§ INPUT DATA:
____________________

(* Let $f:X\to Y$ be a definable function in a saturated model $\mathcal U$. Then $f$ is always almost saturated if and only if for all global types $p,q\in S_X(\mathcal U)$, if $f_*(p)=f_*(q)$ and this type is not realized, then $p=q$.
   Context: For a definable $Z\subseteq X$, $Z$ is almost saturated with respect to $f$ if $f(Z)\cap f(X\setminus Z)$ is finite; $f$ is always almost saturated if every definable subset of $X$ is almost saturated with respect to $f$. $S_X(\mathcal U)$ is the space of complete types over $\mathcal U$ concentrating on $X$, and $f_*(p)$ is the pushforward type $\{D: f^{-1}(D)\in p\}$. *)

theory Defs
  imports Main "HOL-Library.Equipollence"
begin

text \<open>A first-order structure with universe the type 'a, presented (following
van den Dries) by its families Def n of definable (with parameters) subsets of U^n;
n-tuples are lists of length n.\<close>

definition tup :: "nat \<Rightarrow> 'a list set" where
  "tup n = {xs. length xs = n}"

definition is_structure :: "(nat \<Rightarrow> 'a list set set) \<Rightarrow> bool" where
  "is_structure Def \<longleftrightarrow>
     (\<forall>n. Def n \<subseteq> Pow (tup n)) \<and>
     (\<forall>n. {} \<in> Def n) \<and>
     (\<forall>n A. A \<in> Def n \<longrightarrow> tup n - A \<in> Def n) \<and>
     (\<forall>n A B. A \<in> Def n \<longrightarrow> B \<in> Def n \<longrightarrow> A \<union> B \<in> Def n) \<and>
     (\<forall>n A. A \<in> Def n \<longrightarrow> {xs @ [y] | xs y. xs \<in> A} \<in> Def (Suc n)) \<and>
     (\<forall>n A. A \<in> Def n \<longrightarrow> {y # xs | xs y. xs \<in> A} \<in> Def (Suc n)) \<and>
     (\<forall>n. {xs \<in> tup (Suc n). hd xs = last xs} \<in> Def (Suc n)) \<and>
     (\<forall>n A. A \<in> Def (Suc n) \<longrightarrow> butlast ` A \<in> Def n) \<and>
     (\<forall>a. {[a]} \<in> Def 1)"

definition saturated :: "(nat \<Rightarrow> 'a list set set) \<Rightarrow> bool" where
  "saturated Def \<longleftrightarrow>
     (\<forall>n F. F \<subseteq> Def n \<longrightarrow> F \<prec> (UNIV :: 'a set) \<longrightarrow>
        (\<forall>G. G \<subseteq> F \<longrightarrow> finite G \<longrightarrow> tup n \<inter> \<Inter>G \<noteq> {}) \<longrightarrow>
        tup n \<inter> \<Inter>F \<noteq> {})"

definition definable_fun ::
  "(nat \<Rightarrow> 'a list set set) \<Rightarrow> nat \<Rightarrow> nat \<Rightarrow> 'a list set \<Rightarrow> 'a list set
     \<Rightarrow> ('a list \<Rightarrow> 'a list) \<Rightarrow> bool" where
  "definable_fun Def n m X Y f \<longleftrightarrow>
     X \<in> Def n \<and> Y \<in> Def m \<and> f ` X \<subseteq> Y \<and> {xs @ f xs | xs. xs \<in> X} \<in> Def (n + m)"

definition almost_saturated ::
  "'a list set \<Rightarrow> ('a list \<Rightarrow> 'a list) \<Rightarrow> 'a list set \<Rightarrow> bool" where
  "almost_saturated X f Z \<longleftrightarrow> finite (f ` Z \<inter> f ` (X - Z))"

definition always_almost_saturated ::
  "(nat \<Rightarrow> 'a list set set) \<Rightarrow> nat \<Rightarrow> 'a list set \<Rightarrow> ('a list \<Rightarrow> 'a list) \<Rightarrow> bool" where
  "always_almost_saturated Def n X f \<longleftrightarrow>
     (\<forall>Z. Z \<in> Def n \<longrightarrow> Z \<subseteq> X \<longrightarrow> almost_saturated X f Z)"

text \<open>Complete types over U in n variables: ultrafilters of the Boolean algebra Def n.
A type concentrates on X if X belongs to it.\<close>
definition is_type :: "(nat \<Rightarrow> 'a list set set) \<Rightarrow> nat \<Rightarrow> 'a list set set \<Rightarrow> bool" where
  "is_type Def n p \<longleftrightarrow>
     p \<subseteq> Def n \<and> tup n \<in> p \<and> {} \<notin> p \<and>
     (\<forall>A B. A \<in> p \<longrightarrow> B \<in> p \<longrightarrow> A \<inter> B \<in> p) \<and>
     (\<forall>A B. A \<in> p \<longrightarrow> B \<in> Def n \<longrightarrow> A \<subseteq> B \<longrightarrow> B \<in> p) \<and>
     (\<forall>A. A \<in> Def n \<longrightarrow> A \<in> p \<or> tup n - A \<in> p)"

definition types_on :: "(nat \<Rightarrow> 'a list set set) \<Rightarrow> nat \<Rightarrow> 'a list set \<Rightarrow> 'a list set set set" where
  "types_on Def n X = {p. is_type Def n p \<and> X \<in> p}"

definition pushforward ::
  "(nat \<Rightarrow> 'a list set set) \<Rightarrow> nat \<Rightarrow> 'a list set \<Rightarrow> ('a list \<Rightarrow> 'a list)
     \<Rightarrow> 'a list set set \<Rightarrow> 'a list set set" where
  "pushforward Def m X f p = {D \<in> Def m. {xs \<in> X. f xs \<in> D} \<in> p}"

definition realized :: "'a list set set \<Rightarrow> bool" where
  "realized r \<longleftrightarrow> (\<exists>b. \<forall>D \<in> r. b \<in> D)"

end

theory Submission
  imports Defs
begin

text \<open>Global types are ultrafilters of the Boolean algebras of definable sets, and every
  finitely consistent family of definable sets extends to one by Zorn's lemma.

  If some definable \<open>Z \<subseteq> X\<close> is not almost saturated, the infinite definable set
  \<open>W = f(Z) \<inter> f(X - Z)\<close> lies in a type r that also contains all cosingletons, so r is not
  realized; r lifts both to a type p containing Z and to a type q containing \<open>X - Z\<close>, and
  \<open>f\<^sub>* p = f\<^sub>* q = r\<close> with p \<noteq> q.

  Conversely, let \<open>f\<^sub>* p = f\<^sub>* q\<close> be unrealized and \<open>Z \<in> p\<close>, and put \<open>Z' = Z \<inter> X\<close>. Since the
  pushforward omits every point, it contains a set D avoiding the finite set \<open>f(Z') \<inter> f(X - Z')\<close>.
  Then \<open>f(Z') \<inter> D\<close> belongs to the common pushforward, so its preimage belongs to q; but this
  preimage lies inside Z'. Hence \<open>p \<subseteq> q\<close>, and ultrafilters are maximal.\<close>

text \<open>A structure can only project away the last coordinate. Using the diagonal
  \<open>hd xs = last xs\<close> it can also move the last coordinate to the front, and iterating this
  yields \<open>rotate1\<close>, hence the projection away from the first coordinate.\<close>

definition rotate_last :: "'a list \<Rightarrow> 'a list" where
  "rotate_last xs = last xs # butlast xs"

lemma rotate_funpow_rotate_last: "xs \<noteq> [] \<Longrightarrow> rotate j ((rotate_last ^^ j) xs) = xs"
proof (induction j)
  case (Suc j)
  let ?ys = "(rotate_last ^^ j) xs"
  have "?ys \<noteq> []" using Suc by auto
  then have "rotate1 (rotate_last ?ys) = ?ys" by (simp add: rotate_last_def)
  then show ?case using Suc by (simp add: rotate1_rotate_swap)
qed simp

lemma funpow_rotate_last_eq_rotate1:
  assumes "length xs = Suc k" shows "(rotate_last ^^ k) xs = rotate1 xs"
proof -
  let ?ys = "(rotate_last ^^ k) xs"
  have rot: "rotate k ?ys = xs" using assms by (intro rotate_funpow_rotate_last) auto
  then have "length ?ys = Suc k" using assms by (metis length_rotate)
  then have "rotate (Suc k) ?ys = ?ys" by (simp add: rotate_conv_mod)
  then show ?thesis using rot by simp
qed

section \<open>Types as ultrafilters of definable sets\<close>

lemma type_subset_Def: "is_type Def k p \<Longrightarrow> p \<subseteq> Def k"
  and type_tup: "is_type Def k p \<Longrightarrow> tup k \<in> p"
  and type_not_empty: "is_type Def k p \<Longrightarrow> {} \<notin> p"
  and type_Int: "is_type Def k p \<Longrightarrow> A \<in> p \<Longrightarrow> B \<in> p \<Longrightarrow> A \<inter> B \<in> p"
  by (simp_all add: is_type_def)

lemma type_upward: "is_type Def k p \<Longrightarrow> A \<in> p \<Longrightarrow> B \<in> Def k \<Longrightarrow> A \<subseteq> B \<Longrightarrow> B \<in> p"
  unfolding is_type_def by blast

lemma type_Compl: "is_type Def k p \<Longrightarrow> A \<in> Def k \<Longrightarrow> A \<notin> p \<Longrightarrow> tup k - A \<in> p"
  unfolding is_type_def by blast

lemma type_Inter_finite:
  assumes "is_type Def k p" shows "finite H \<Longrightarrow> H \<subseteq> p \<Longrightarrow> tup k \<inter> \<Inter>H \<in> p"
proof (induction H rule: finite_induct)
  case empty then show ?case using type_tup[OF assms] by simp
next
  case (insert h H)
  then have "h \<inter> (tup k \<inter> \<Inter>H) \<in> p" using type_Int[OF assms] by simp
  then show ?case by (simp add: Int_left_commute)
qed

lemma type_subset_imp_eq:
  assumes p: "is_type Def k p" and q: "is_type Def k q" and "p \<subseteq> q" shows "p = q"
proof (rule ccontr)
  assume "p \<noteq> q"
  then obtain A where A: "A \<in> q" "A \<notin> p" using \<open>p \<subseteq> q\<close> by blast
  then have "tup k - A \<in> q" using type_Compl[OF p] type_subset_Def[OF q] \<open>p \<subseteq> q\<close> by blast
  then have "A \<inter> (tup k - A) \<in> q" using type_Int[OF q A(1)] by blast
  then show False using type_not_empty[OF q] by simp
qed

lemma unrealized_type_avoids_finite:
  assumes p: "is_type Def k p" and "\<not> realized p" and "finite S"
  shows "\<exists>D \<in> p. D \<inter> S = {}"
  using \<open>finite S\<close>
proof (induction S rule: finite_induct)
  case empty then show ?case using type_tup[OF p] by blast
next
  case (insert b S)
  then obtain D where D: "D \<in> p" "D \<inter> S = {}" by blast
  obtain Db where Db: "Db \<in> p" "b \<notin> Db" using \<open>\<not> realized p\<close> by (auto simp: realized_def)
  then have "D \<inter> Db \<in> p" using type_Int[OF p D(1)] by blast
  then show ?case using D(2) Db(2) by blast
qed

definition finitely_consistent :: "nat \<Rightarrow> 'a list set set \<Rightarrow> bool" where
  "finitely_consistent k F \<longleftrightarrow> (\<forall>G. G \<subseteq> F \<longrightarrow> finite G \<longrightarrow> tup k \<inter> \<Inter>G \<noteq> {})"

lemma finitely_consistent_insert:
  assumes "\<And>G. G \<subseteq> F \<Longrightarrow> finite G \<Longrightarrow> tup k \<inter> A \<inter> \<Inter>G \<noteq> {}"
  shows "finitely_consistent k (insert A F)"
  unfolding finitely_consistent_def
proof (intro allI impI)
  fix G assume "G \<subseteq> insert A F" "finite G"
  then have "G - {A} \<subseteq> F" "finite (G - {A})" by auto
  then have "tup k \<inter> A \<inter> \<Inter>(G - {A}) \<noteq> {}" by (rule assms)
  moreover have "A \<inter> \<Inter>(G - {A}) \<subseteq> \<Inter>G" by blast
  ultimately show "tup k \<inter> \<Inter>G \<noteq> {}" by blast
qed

____________________

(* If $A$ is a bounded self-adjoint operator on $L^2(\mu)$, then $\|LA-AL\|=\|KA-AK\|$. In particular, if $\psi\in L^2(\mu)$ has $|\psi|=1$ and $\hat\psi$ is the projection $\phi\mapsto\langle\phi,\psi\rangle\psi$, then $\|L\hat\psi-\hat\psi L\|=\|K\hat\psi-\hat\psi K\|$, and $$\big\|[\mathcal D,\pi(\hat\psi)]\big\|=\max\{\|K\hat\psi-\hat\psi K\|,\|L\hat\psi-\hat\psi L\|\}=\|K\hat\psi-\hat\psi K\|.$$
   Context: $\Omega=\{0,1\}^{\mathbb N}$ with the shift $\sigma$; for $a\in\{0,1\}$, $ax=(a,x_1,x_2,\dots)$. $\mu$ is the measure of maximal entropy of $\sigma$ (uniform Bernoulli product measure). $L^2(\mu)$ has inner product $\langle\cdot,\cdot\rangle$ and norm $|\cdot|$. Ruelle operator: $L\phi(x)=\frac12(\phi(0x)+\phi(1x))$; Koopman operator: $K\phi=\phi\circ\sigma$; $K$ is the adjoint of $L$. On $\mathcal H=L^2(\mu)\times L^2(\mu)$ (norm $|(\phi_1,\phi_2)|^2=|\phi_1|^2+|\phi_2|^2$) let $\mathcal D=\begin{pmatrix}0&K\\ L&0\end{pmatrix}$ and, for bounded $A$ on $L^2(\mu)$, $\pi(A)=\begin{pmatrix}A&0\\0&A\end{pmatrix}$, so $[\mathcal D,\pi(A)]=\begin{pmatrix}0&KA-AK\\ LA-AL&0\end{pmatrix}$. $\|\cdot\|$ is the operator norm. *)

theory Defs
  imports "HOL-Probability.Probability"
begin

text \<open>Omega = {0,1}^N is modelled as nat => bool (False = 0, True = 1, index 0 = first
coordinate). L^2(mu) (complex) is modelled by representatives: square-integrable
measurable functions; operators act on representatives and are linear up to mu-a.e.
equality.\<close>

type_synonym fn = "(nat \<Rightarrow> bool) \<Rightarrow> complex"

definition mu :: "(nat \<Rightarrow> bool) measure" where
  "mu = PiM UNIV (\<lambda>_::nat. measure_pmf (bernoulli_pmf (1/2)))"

____________________

§ EXERCISE BRIEF:
Every line of the entries above that includes "obtain" should be copied.

§ FINAL ANSWER:
  then obtain A where A: "A \<in> q" "A \<notin> p" using \<open>p \<subseteq> q\<close> by blast
  then obtain D where D: "D \<in> p" "D \<inter> S = {}" by blast
  obtain Db where Db: "Db \<in> p" "b \<notin> Db" using \<open>\<not> realized p\<close> by (auto simp: realized_def)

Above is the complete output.